The washstand in the above pics came out of the dark recesses of the basement of my Gladwin (MI) farmhouse. (Gawd knows how long it had been sitting down there!) As you can see in the 2nd pic, nearly all the chippy blue paint has come off it now. 

Here's another quick and easy project if you happen to live in a rocky area! I had intended these stone cairns as birdbaths, but I think they were used more by thirsty cats. I dry-stacked the stones and topped the piles with interesting bowls from yard sales and thrift shops:


----------



## SueMc

Chalk Creek said:


> I mounted an old chicken 10 hole nest box on the outside of my coop. It's cute with a plant in each hole during the summer. Saw it done in a magazine and was glad to find a use for the old nest box.


CC, I was at an auction recently and saw a 10 hole nest box sell for $75! Most of the nest bottoms were rusted out too.


----------



## willow_girl

Here's a little project I just did this weekend, a miniature birdbath made out of a couple of thrift-store candy dishes, a wine glass and glass pebbles (even got those from the TS!). All it took was a bit of silicone sealer to hold it together, and VOILA! It stands about a foot tall:


----------



## newfieannie

oh ,i could go for that. i probably have all i need for it. not sure what is seperating the top from the base. is that copper wire.? i'm only seeing 1 candy dish. i made a few last year from a link Sally posted. ~Georgia.


----------



## willow_girl

No, that is the colored stem on the wineglass, Georgia! It has a candy dish on top, wineglass (upside-down) in the middle, and another clear glass candy dish for the base. 

You should post pics of yours, too! 

I love these little projects; they're so quick and easy. Plus they give me an excuse to comb the thrift stores for interesting bits and pieces!


----------



## BackfourtyMI.

Been decorating with old junk for years, I guess I never thought about it being in style.

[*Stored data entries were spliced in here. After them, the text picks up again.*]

lemma near_1_mult:
  assumes "absv (x - 1) < 1" and "absv (y - 1) < 1"
  shows "absv (x * y - 1) < 1"
proof -
  have "x * y - 1 = x * (y - 1) + (x - 1)" by (simp add: algebra_simps)
  then have "absv (x * y - 1) \<le> max (absv (x * (y - 1))) (absv (x - 1))"
    by (metis absv_add_le_max)
  then show ?thesis using assms absv_near_1[OF assms(1)] by (simp add: absv_mult)
qed

lemma near_1_power:
  assumes "absv (x - 1) < 1"
  shows "absv (x ^ n - 1) < 1"
  by (induction n) (simp_all add: near_1_mult[OF assms])

lemma near_1_inverse:
  assumes "absv (x - 1) < 1"
  shows "absv (inverse x - 1) < 1"
proof -
  have "x \<noteq> 0" using absv_near_1[OF assms] by auto
  then have "inverse x - 1 = (1 - x) / x" by (simp add: field_simps)
  then show ?thesis using assms absv_near_1[OF assms] by (simp add: absv_divide absv_minus_commute)
qed

lemma abs_conv_iff_tendsto: "abs_conv absv s L \<longleftrightarrow> (\<lambda>N. absv (s N - L)) \<longlonglongrightarrow> 0"
  unfolding abs_conv_def LIMSEQ_def dist_real_def by (simp add: absv_nonneg)

lemma abs_conv_majorant:
  assumes "eventually (\<lambda>N. absv (s N - L) \<le> g N) sequentially" and "g \<longlonglongrightarrow> 0"
  shows "abs_conv absv s L"
  unfolding abs_conv_iff_tendsto
  by (rule tendsto_sandwich[of "\<lambda>_. 0" _ sequentially g])
    (simp_all add: assms absv_nonneg)

lemma abs_conv_const: "abs_conv absv (\<lambda>N. c) c"
  unfolding abs_conv_iff_tendsto by simp

lemma abs_conv_add:
  assumes "abs_conv absv a A" and "abs_conv absv b B"
  shows "abs_conv absv (\<lambda>N. a N + b N) (A + B)"
proof (rule abs_conv_majorant[OF eventuallyI])
  show "absv (a N + b N - (A + B)) \<le> absv (a N - A) + absv (b N - B)" for N
    using absv_add_le[of "a N - A" "b N - B"] by (simp add: algebra_simps)
  show "(\<lambda>N. absv (a N - A) + absv (b N - B)) \<longlonglongrightarrow> 0"
    using tendsto_add[OF assms[unfolded abs_conv_iff_tendsto]] by simp
qed

lemma abs_conv_minus:
  assumes "abs_conv absv a A"
  shows "abs_conv absv (\<lambda>N. - a N) (- A)"
  using assms absv_minus[of "a _ - A"] unfolding abs_conv_iff_tendsto by simp

lemma abs_conv_diff:
  assumes "abs_conv absv a A" and "abs_conv absv b B"
  shows "abs_conv absv (\<lambda>N. a N - b N) (A - B)"
  using abs_conv_add[OF assms(1) abs_conv_minus[OF assms(2)]] by simp

lemma abs_conv_mult:
  assumes "abs_conv absv a A" and "abs_conv absv b B"
  shows "abs_conv absv (\<lambda>N. a N * b N) (A * B)"
proof (rule abs_conv_majorant[OF eventuallyI])
  show "absv (a N * b N - A * B)
      \<le> absv (a N - A) * absv (b N - B) + absv A * absv (b N - B) + absv B * absv (a N - A)" for N
  proof -
    have "a N * b N - A * B = ((a N - A) * (b N - B) + A * (b N - B)) + B * (a N - A)"
      by (simp add: algebra_simps)
    then show ?thesis
      using absv_add_le[of "(a N - A) * (b N - B) + A * (b N - B)" "B * (a N - A)"]
        absv_add_le[of "(a N - A) * (b N - B)" "A * (b N - B)"] by (simp add: absv_mult)
  qed
  have "(\<lambda>N. absv (a N - A) * absv (b N - B) + absv A * absv (b N - B) + absv B * absv (a N - A))
      \<longlonglongrightarrow> 0 * 0 + absv A * 0 + absv B * 0"
    using assms[unfolded abs_conv_iff_tendsto] by (intro tendsto_intros)
  then show "(\<lambda>N. absv (a N - A) * absv (b N - B) + absv A * absv (b N - B) + absv B * absv (a N - A))
      \<longlonglongrightarrow> 0" by simp
qed

lemma abs_conv_cmult:
  assumes "abs_conv absv a A"
  shows "abs_conv absv (\<lambda>N. c * a N) (c * A)"
  using abs_conv_mult[OF abs_conv_const assms] .

lemma abs_conv_inverse:
  assumes "abs_conv absv a A" and "A \<noteq> 0"
  shows "abs_conv absv (\<lambda>N. inverse (a N)) (inverse A)"
proof (rule abs_conv_majorant)
  have pos: "absv A > 0" using assms(2) absv_eq_0_iff absv_nonneg by (metis less_eq_real_def)
  with assms(1) have "eventually (\<lambda>N. absv (a N - A) < absv A) sequentially"
    unfolding abs_conv_iff_tendsto by (rule order_tendstoD(2))
  then show "eventually (\<lambda>N. absv (inverse (a N) - inverse A) \<le> absv (a N - A) / (absv A * absv A))
      sequentially"
  proof (rule eventually_mono)
    fix N
    assume "absv (a N - A) < absv A"
    then have aN: "absv (a N) = absv A" using absv_add_eq_left[of "a N - A" A] by simp
    then have "a N \<noteq> 0" using pos by auto
    then have "inverse (a N) - inverse A = (A - a N) / (a N * A)"
      using assms(2) by (simp add: field_simps)
    then show "absv (inverse (a N) - inverse A) \<le> absv (a N - A) / (absv A * absv A)"
      by (simp add: absv_divide absv_mult aN absv_minus_commute)
  qed
  show "(\<lambda>N. absv (a N - A) / (absv A * absv A)) \<longlonglongrightarrow> 0"
    using tendsto_divide_zero[OF assms(1)[unfolded abs_conv_iff_tendsto]] .
qed

lemma abs_conv_divide:
  assumes "abs_conv absv a A" and "abs_conv absv b B" and "B \<noteq> 0"
  shows "abs_conv absv (\<lambda>N. a N / b N) (A / B)"
  using abs_conv_mult[OF assms(1) abs_conv_inverse[OF assms(2,3)]] by (simp add: divide_inverse)

lemma abs_conv_poly:
  assumes "abs_conv absv a A"
  shows "abs_conv absv (\<lambda>N. poly F (a N)) (poly F A)"
  by (induction F) (auto intro!: abs_conv_add abs_conv_mult abs_conv_const assms)

lemma abs_conv_unique:
  assumes "abs_conv absv a A" and "abs_conv absv a B"
  shows "A = B"
proof -
  have "abs_conv absv (\<lambda>N. a N - a N) (A - B)" by (rule abs_conv_diff[OF assms])
  then have "(\<lambda>N. absv (A - B)) \<longlonglongrightarrow> 0"
    unfolding abs_conv_iff_tendsto by (simp add: absv_minus_commute)
  then have "absv (A - B) = 0" by (simp add: LIMSEQ_const_iff)
  then show ?thesis by (simp add: absv_eq_0_iff)
qed

lemma abs_conv_The:
  assumes "abs_conv absv a A"
  shows "(THE L. abs_conv absv a L) = A"
  using assms abs_conv_unique by blast

end

section \<open>q-numbers and p-adic limits\<close>

lemma qnum_add: "qnum x (m + n) = qnum x m + x ^ m * qnum x n"
  by (induction n) (simp_all add: qnum_def algebra_simps power_add)

lemma qnum_Suc: "qnum x (Suc n) = 1 + x * qnum x n"
  using qnum_add[of x 1 n] by (simp add: qnum_def)

lemma qnum_mult: "qnum x (m * n) = qnum x m * qnum (x ^ m) n"
  by (induction n) (simp_all add: qnum_def[of _ 0] qnum_Suc qnum_add algebra_simps power_mult)

lemma power_diff_1_eq_qnum: "x ^ n - 1 = (x - 1) * qnum x n"
  unfolding qnum_def by (rule power_diff_1_eq)

locale padic_absv = nonarch_absv absv for absv :: "'a::field \<Rightarrow> real" +
  fixes p :: nat
  assumes p_gt_1: "p > 1" and odd_p: "odd p"
    and absv_of_nat_p: "absv (of_nat p) = inverse (real p)"
begin

lemma absv_2: "absv (2 :: 'a) = 1"
proof -
  obtain j where p: "p = 2 * j + 1" using odd_p oddE by blast
  have "absv (1 :: 'a) \<le> max (absv (of_nat p)) (absv (2 * of_nat j :: 'a))"
    using absv_diff_le_max[of "of_nat p" "2 * of_nat j :: 'a"] by (simp add: p)
  moreover have "inverse (real p) < 1" using p_gt_1 by (simp add: inverse_less_1_iff)
  ultimately have "1 \<le> absv (2 :: 'a) * absv (of_nat j :: 'a)"
    by (simp add: absv_of_nat_p absv_mult)
  moreover have "absv (of_nat j :: 'a) \<le> 1" and "absv (2 :: 'a) \<le> 1"
    using absv_of_nat_le_1[of j] absv_of_nat_le_1[of 2] by simp_all
  ultimately show ?thesis
    using absv_nonneg[of 2] absv_nonneg[of "of_nat j"] by (smt (verit) mult_left_le)
qed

I have an old plow out back by a bench with hosta's around it, old chair with a birdhouse on top on the porch. I love the old metal headstanchions that were used for cows, they are great for putting or building a birdhouse in the middle of. I have one hanging on the front of my porch now & about 8 old stanchions in the barn just waiting to make more.
Old shovels, rakes, hoes', etc. make great garden decorations too, you can attach a peice of wood at the top with a cute saying, wrap grapvine around it, etc. & put them in flowerbeds, etc.
Old license plates are great roofs for birdhouses or feeders too & then they aren't in landfills.

I also use old iron gates, doors, etc. at the back of my flower beds for decoration or for vining plants to climb on or tall flowers to be tied to so they don't break.

I'll have to take some pictures of some of these things when the snow melts.

Love the old nestbox idea. I seen one at an antiques store, it had 8 nestboxes & made of wood. It was in really good condition & I really wanted it to hang on my kitchen wall or on the back deck railing to put plants or nik nak kinds of things in the boxes.
Didn't buy it & have regretted it ever since.


----------



## BackfourtyMI.

Here is something not covered in snow right now.

Excuse my porch, I really have to stain it this spring & the stanchion birdhouse has been hanging out there in front now for about 4 years. You can see the bottom perch has come off. I have birds in there every year.


----------



## aftermidnite

Just some of the things I have reused and recycled and used in my yard here in town over the last 10 years ..

The gate was picked up on a country road ..the bird houses were ones I collected and decided to use outside Two of them are hand carved from a solid block of wood and withstood 2 years out in the weather and are now back inside on a shelf .
The white rods seen to the side were gotten from a dumpster when a wedding planner went out of business (was a wedding arch ) and had someone bend them into hooks and they are now in the back yard on either side of the nickle plated iron foot board I use as a trellis for my beans .The bowling ball (I think this picture has it at the bottom ) was picked up curb side and the "stand " is a sewer tile pipe I use for plant stands ..


Will post a few more when time isn't crunched ..


----------



## momtaylor

I love the yard decorations. My uncle was a plumber and sunk an old tub in his yard for a fish pond. Then he placed a toilet by it and planted ivy in the tank and petunias in the bowl. It really was pretty once it all filled out.


----------